::: Data under study

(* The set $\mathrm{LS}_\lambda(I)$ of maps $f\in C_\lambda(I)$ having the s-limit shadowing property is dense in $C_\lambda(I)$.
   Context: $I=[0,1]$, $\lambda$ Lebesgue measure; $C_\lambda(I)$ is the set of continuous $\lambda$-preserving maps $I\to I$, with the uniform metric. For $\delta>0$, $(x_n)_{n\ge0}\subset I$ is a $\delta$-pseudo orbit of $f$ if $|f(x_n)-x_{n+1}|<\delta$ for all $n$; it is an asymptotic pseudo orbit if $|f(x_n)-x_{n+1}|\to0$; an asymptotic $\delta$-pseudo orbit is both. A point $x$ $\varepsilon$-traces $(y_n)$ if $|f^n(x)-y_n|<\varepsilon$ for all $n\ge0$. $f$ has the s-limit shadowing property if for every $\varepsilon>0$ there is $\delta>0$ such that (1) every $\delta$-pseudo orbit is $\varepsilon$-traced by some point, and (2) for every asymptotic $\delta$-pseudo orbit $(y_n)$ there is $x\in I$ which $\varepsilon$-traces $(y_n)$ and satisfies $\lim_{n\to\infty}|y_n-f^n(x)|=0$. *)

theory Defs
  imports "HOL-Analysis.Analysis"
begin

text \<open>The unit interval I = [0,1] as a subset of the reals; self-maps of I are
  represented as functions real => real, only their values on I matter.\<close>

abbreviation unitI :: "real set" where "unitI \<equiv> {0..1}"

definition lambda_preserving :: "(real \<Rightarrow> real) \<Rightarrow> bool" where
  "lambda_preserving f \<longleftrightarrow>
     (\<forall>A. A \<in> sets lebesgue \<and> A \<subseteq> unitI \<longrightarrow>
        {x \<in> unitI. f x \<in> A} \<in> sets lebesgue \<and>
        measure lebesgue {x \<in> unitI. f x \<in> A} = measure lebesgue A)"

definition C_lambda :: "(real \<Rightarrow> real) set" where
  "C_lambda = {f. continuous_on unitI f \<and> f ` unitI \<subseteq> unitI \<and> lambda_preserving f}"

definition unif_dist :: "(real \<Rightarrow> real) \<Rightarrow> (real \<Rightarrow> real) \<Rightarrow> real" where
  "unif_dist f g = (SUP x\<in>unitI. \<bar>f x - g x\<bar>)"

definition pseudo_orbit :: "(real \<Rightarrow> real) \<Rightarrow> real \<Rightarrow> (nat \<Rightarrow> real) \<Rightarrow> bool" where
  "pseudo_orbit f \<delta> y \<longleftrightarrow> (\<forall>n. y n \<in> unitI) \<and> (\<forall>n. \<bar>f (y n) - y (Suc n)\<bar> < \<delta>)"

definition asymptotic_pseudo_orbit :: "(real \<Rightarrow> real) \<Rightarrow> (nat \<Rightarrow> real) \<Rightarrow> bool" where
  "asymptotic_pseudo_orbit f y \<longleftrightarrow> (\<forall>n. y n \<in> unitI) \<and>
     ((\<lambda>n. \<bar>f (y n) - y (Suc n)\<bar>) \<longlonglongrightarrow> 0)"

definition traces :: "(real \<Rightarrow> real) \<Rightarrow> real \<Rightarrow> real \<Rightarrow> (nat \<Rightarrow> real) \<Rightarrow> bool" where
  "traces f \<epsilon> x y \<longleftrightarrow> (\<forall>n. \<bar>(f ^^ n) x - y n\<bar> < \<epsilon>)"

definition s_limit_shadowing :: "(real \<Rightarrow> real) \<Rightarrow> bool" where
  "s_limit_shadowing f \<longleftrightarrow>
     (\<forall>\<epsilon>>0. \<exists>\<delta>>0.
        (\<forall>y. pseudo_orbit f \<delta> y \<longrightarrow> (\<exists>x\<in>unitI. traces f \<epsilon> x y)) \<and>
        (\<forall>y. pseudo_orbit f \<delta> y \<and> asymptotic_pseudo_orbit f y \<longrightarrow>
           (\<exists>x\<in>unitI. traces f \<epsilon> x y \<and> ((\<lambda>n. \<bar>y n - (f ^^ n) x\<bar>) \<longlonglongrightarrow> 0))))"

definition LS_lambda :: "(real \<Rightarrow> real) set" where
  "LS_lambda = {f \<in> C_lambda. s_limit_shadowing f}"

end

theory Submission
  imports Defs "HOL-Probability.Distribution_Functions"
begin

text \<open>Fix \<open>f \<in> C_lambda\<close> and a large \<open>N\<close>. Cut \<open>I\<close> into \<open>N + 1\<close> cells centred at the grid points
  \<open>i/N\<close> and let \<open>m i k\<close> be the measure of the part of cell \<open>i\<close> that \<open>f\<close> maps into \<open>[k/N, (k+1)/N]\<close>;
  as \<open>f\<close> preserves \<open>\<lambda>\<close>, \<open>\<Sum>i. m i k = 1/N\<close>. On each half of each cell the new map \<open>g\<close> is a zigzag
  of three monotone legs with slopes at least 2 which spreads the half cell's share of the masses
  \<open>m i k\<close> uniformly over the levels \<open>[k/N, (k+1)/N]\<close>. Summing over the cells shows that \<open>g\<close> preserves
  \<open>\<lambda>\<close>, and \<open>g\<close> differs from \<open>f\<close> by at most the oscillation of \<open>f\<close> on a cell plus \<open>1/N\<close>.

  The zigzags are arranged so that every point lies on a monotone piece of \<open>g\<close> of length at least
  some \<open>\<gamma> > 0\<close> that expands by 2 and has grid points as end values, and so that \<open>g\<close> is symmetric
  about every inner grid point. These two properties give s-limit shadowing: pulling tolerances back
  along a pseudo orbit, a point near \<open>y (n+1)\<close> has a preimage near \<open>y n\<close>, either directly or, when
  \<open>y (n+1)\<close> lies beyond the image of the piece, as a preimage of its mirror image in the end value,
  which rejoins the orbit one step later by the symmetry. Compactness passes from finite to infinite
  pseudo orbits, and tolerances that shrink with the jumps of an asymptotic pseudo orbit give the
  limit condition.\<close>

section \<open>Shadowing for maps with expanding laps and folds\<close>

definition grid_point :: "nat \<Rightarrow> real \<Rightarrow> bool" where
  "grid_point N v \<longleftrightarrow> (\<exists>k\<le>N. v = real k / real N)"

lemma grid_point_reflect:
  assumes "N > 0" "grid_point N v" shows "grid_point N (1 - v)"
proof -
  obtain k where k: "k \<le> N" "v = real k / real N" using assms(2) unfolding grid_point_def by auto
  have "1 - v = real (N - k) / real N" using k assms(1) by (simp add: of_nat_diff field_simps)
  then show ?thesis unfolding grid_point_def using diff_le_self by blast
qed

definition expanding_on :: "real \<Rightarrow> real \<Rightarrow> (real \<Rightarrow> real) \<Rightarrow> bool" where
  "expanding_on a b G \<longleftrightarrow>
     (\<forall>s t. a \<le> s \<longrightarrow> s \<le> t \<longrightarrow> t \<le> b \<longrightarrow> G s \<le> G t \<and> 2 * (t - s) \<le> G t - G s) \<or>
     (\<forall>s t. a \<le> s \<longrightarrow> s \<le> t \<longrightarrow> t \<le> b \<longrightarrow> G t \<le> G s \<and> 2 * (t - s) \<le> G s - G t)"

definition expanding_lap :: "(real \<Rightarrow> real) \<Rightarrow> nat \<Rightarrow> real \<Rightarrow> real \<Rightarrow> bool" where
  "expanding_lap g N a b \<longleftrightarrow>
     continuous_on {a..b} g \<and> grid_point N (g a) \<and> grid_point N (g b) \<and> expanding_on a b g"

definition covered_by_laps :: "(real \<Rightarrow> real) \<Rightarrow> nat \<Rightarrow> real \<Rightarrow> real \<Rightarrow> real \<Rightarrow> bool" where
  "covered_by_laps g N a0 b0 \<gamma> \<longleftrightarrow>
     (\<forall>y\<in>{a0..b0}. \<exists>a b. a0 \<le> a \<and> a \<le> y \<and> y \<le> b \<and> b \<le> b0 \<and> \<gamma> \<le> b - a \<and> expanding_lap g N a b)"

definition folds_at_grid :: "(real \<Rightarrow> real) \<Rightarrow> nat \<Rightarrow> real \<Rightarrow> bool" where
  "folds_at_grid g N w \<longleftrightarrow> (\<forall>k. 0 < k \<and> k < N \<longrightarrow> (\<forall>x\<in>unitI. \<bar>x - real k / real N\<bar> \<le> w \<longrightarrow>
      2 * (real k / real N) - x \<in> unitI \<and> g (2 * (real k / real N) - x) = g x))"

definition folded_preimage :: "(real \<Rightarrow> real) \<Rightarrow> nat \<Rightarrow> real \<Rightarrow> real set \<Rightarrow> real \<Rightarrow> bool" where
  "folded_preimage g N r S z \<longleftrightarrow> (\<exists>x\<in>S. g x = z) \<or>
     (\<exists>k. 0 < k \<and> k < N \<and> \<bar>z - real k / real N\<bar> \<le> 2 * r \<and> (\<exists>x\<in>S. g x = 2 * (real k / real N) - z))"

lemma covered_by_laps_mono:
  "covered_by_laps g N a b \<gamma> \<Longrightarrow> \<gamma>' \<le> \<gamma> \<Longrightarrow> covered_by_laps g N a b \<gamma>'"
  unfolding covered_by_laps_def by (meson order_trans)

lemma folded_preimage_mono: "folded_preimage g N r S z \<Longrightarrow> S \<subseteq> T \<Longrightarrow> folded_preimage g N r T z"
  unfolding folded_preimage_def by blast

::::::

## Required work
All lines with the word "least" are needed; pull them from the entries and copy each.

## Result of this task
  of three monotone legs with slopes at least 2 which spreads the half cell's share of the masses
  The zigzags are arranged so that every point lies on a monotone piece of \<open>g\<close> of length at least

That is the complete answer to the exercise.